lemma bounded_sesquilinear_vanishes_on_closure:
  assumes S: "sesquilinear sc \<phi>" and bound: "\<forall>x y. cmod (\<phi> x y) \<le> \<gamma> * norm x * norm y"
    and "\<gamma> > 0" and vanish: "\<forall>b\<in>B. \<phi> w b = 0" and "y \<in> closure B"
  shows "\<phi> w y = 0"
proof (rule continuous_constant_on_closure[where f = "\<phi> w"])
  have "lipschitz_on (\<gamma> * norm w) UNIV (\<phi> w)"
  proof (rule lipschitz_onI)
    fix x z
    have "dist (\<phi> w x) (\<phi> w z) = cmod (\<phi> w (x - z))"
      by (simp add: dist_norm sesquilinear_diff_right[OF S])
    also have "\<dots> \<le> \<gamma> * norm w * dist x z"
      using bound by (simp add: dist_norm)
    finally show "dist (\<phi> w x) (\<phi> w z) \<le> \<gamma> * norm w * dist x z" .
  qed (use \<open>\<gamma> > 0\<close> in simp)
  then show "continuous_on (closure B) (\<phi> w)"
    by (meson continuous_on_subset lipschitz_on_continuous_on subset_UNIV)
qed (use vanish \<open>y \<in> closure B\<close> in auto)

lemma P_forms_annihilated_by_dense_iff_null:
  assumes "\<phi> \<in> P_forms sc A0 m s" and "closure A0 = UNIV"
  shows "(\<forall>b\<in>A0. \<phi> w b = 0) \<longleftrightarrow> \<phi> w w = 0"
proof -
  have S: "sesquilinear sc \<phi>" and pos: "\<forall>x. Im (\<phi> x x) = 0 \<and> Re (\<phi> x x) \<ge> 0"
    and "\<exists>\<gamma>>0. \<forall>x y. cmod (\<phi> x y) \<le> \<gamma> * norm x * norm y"
    using assms(1) unfolding P_forms_def by blast+
  then obtain \<gamma> where "\<gamma> > 0" "\<forall>x y. cmod (\<phi> x y) \<le> \<gamma> * norm x * norm y"
    by blast
  then show ?thesis
    using positive_sesquilinear_null_left[OF S pos] bounded_sesquilinear_vanishes_on_closure[OF S]
      assms(2) by blast
qed

lemma normal_elem_residual_self_eq:
  assumes P: "\<phi> \<in> P_forms sc A0 m s" and "normal_elem sc A0 m s X" and "a \<in> A0"
  shows "\<phi> (m X a - sc \<alpha> a) (m X a - sc \<alpha> a)
       = \<phi> (m (s X) a - sc (cnj \<alpha>) a) (m (s X) a - sc (cnj \<alpha>) a)"
proof -
  have S: "sesquilinear sc \<phi>" and real_diag: "\<forall>x. Im (\<phi> x x) = 0"
    and adjoint: "\<forall>X. \<forall>a\<in>A0. \<forall>b\<in>A0. \<phi> (m X a) b = \<phi> a (m (s X) b)"
    using P unfolding P_forms_def by blast+
  have scale: "\<And>c x y. \<phi> (sc c x) y = c * \<phi> x y \<and> \<phi> x (sc c y) = cnj c * \<phi> x y"
    using S unfolding sesquilinear_def by blast
  have "\<phi> (m X a) (m X a) = \<phi> (m (s X) a) (m (s X) a)"
    using assms unfolding normal_elem_def by blast
  moreover have "\<phi> (m X a) a = \<phi> a (m (s X) a)"
    using adjoint \<open>a \<in> A0\<close> by blast
  moreover from this have "\<phi> a (m X a) = \<phi> (m (s X) a) a"
    using sesquilinear_hermitian[OF S real_diag] by metis
  ultimately show ?thesis
    by (simp add: sesquilinear_diff[OF S] scale algebra_simps)
qed

theorem proposition4p15:
  fixes sc :: "complex \<Rightarrow> 'a::{real_normed_vector,complete_space} \<Rightarrow> 'a"
    and A0 :: "'a set" and m :: "'a \<Rightarrow> 'a \<Rightarrow> 'a" and s :: "'a \<Rightarrow> 'a"
    and n0 :: "'a \<Rightarrow> real" and I :: 'a
    and X :: 'a and \<phi> :: "'a \<Rightarrow> 'a \<Rightarrow> complex" and \<alpha> :: complex
  assumes "CQ_setting sc A0 m s n0 I"
    and "star_semisimple sc A0 m s"
    and "normal_elem sc A0 m s X"
    and "\<phi> \<in> P_forms sc A0 m s"
  shows "gen_eigenvector sc A0 m s \<phi> X \<alpha> \<longleftrightarrow> gen_eigenvector sc A0 m s \<phi> (s X) (cnj \<alpha>)"
proof -
  have dense: "closure A0 = UNIV"
    using assms(1) unfolding CQ_setting_def by blast
  have "(\<forall>b\<in>A0. \<phi> (m X a - sc \<alpha> a) b = 0) \<longleftrightarrow> (\<forall>b\<in>A0. \<phi> (m (s X) a - sc (cnj \<alpha>) a) b = 0)"
    if "a \<in> A0" for a
    using P_forms_annihilated_by_dense_iff_null[OF assms(4) dense]
      normal_elem_residual_self_eq[OF assms(4,3) that] by presburger
  then show ?thesis
    unfolding gen_eigenvector_def by blast
qed

end
lemma integral_le_vec:
  fixes g h :: "real \<Rightarrow> real^'n::finite"
  assumes g: "g integrable_on S" and h: "h integrable_on S" and le: "\<And>s. s \<in> S \<Longrightarrow> g s \<le> h s"
  shows "integral S g \<le> integral S h"
  unfolding less_eq_vec_def
proof
  fix i
  have "integral S (\<lambda>s. g s $ i) \<le> integral S (\<lambda>s. h s $ i)"
    using integrable_linear[OF g bounded_linear_vec_nth] integrable_linear[OF h bounded_linear_vec_nth]
      le
    by (intro integral_le) (auto simp: o_def less_eq_vec_def)
  thus "integral S g $ i \<le> integral S h $ i"
    using g h by simp
qed

lemma integral_mexp_add:
  assumes h1: "0 \<le> h1" and h2: "0 \<le> h2"
  shows "integral {0..h1 + h2} (\<lambda>s. mexp s q *v y) =
    integral {0..h1} (\<lambda>s. mexp s q *v y) + mexp h1 q *v integral {0..h2} (\<lambda>s. mexp s q *v y)"
proof -
  let ?g = "\<lambda>s. mexp s q *v y"
  have "integral {0..h1 + h2} ?g = integral {0..h1} ?g + integral {h1..h1 + h2} ?g"
    using Henstock_Kurzweil_Integration.integral_combine[of 0 h1 "h1 + h2" ?g] h1 h2
    by (simp add: mexp_integrable)
  moreover have "integral {h1..h1 + h2} ?g = integral {0..h2} (?g \<circ> (+) h1)"
    using integral_shift_Icc_real[of 0 h2 ?g h1] by (simp add: add.commute)
  moreover have "?g \<circ> (+) h1 = (*v) (mexp h1 q) \<circ> ?g"
    by (simp add: o_def mexp_add matrix_vector_mul_assoc)
  ultimately show ?thesis
    using integral_linear[OF mexp_integrable matrix_vector_mul_bounded_linear] by simp
qed

lemma Sq_zero [simp]: "Sq f q 0 w = w"
  by (simp add: Sq_def)

lemma Sq_add:
  "0 \<le> h1 \<Longrightarrow> 0 \<le> h2 \<Longrightarrow> Sq f q (h1 + h2) u = Sq f q h1 (Sq f q h2 u)"
  unfolding Sq_def integral_mexp_add mexp_add
  by (simp add: matrix_vector_mul_assoc matrix_vector_right_distrib algebra_simps)

lemma Sq_mono: "is_Qmatrix q \<Longrightarrow> 0 \<le> h \<Longrightarrow> v \<le> w \<Longrightarrow> Sq f q h v \<le> Sq f q h w"
  unfolding Sq_def using mexp_mono by simp

lemma Sq_add_const:
  "is_Qmatrix q \<Longrightarrow> Sq f q h (w + c *\<^sub>R 1) = Sq f q h w + c *\<^sub>R 1"
  unfolding Sq_def by (simp add: matrix_vector_right_distrib mexp_one algebra_simps)

lemma Sq_minus_eq_integral:
  assumes h: "0 \<le> h"
  shows "Sq f q h w - w = integral {0..h} (\<lambda>s. mexp s q *v (q *v w + f q))"
proof -
  have "((\<lambda>s. mexp s q *v (q *v w)) has_integral (mexp h q *v w - mexp 0 q *v w)) {0..h}"
    by (rule fundamental_theorem_of_calculus[OF h mexp_has_vector_derivative])
  thus ?thesis
    unfolding Sq_def
    by (simp add: matrix_vector_right_distrib integral_add mexp_integrable integral_unique)
qed

lemma Sq_le_add_const:
  assumes Q: "is_Qmatrix q" and h: "0 \<le> h" and c: "q *v w + f q \<le> c *\<^sub>R 1"
  shows "Sq f q h w \<le> w + (h * c) *\<^sub>R 1"
proof -
  have "integral {0..h} (\<lambda>s. mexp s q *v (q *v w + f q)) \<le> integral {0..h} (\<lambda>s. c *\<^sub>R 1)"
    using mexp_mono[OF Q c]
    by (intro integral_le_vec mexp_integrable) (auto simp: matrix_vector_mult_scaleR mexp_one[OF Q])
  thus ?thesis
    using Sq_minus_eq_integral[OF h, of f q w] h by (simp add: algebra_simps)
qed

lemma Sq_ge_add_const:
  assumes Q: "is_Qmatrix q" and h: "0 \<le> h" and c: "c *\<^sub>R 1 \<le> q *v w + f q"
  shows "w + (h * c) *\<^sub>R 1 \<le> Sq f q h w"
proof -
  have "integral {0..h} (\<lambda>s. c *\<^sub>R 1) \<le> integral {0..h} (\<lambda>s. mexp s q *v (q *v w + f q))"
    using mexp_mono[OF Q c]
    by (intro integral_le_vec mexp_integrable) (auto simp: matrix_vector_mult_scaleR mexp_one[OF Q])
  thus ?thesis
    using Sq_minus_eq_integral[OF h, of f q w] h by (simp add: algebra_simps)
qed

◇ ◇ ◇ ◇

◆ WORK TO BE COMPLETED: Reproduce exactly, and only, the part of the listing above that begins at the line with "by (simp add: mexp_integrable)" and goes on through the line with "f q \<le> c".

◆ WRITTEN SOLUTION:
    by (simp add: mexp_integrable)
  moreover have "integral {h1..h1 + h2} ?g = integral {0..h2} (?g \<circ> (+) h1)"
    using integral_shift_Icc_real[of 0 h2 ?g h1] by (simp add: add.commute)
  moreover have "?g \<circ> (+) h1 = (*v) (mexp h1 q) \<circ> ?g"
    by (simp add: o_def mexp_add matrix_vector_mul_assoc)
  ultimately show ?thesis
    using integral_linear[OF mexp_integrable matrix_vector_mul_bounded_linear] by simp
qed

lemma Sq_zero [simp]: "Sq f q 0 w = w"
  by (simp add: Sq_def)

lemma Sq_add:
  "0 \<le> h1 \<Longrightarrow> 0 \<le> h2 \<Longrightarrow> Sq f q (h1 + h2) u = Sq f q h1 (Sq f q h2 u)"
  unfolding Sq_def integral_mexp_add mexp_add
  by (simp add: matrix_vector_mul_assoc matrix_vector_right_distrib algebra_simps)

lemma Sq_mono: "is_Qmatrix q \<Longrightarrow> 0 \<le> h \<Longrightarrow> v \<le> w \<Longrightarrow> Sq f q h v \<le> Sq f q h w"
  unfolding Sq_def using mexp_mono by simp

lemma Sq_add_const:
  "is_Qmatrix q \<Longrightarrow> Sq f q h (w + c *\<^sub>R 1) = Sq f q h w + c *\<^sub>R 1"
  unfolding Sq_def by (simp add: matrix_vector_right_distrib mexp_one algebra_simps)

lemma Sq_minus_eq_integral:
  assumes h: "0 \<le> h"
  shows "Sq f q h w - w = integral {0..h} (\<lambda>s. mexp s q *v (q *v w + f q))"
proof -
  have "((\<lambda>s. mexp s q *v (q *v w)) has_integral (mexp h q *v w - mexp 0 q *v w)) {0..h}"
    by (rule fundamental_theorem_of_calculus[OF h mexp_has_vector_derivative])
  thus ?thesis
    unfolding Sq_def
    by (simp add: matrix_vector_right_distrib integral_add mexp_integrable integral_unique)
qed

lemma Sq_le_add_const:
  assumes Q: "is_Qmatrix q" and h: "0 \<le> h" and c: "q *v w + f q \<le> c *\<^sub>R 1"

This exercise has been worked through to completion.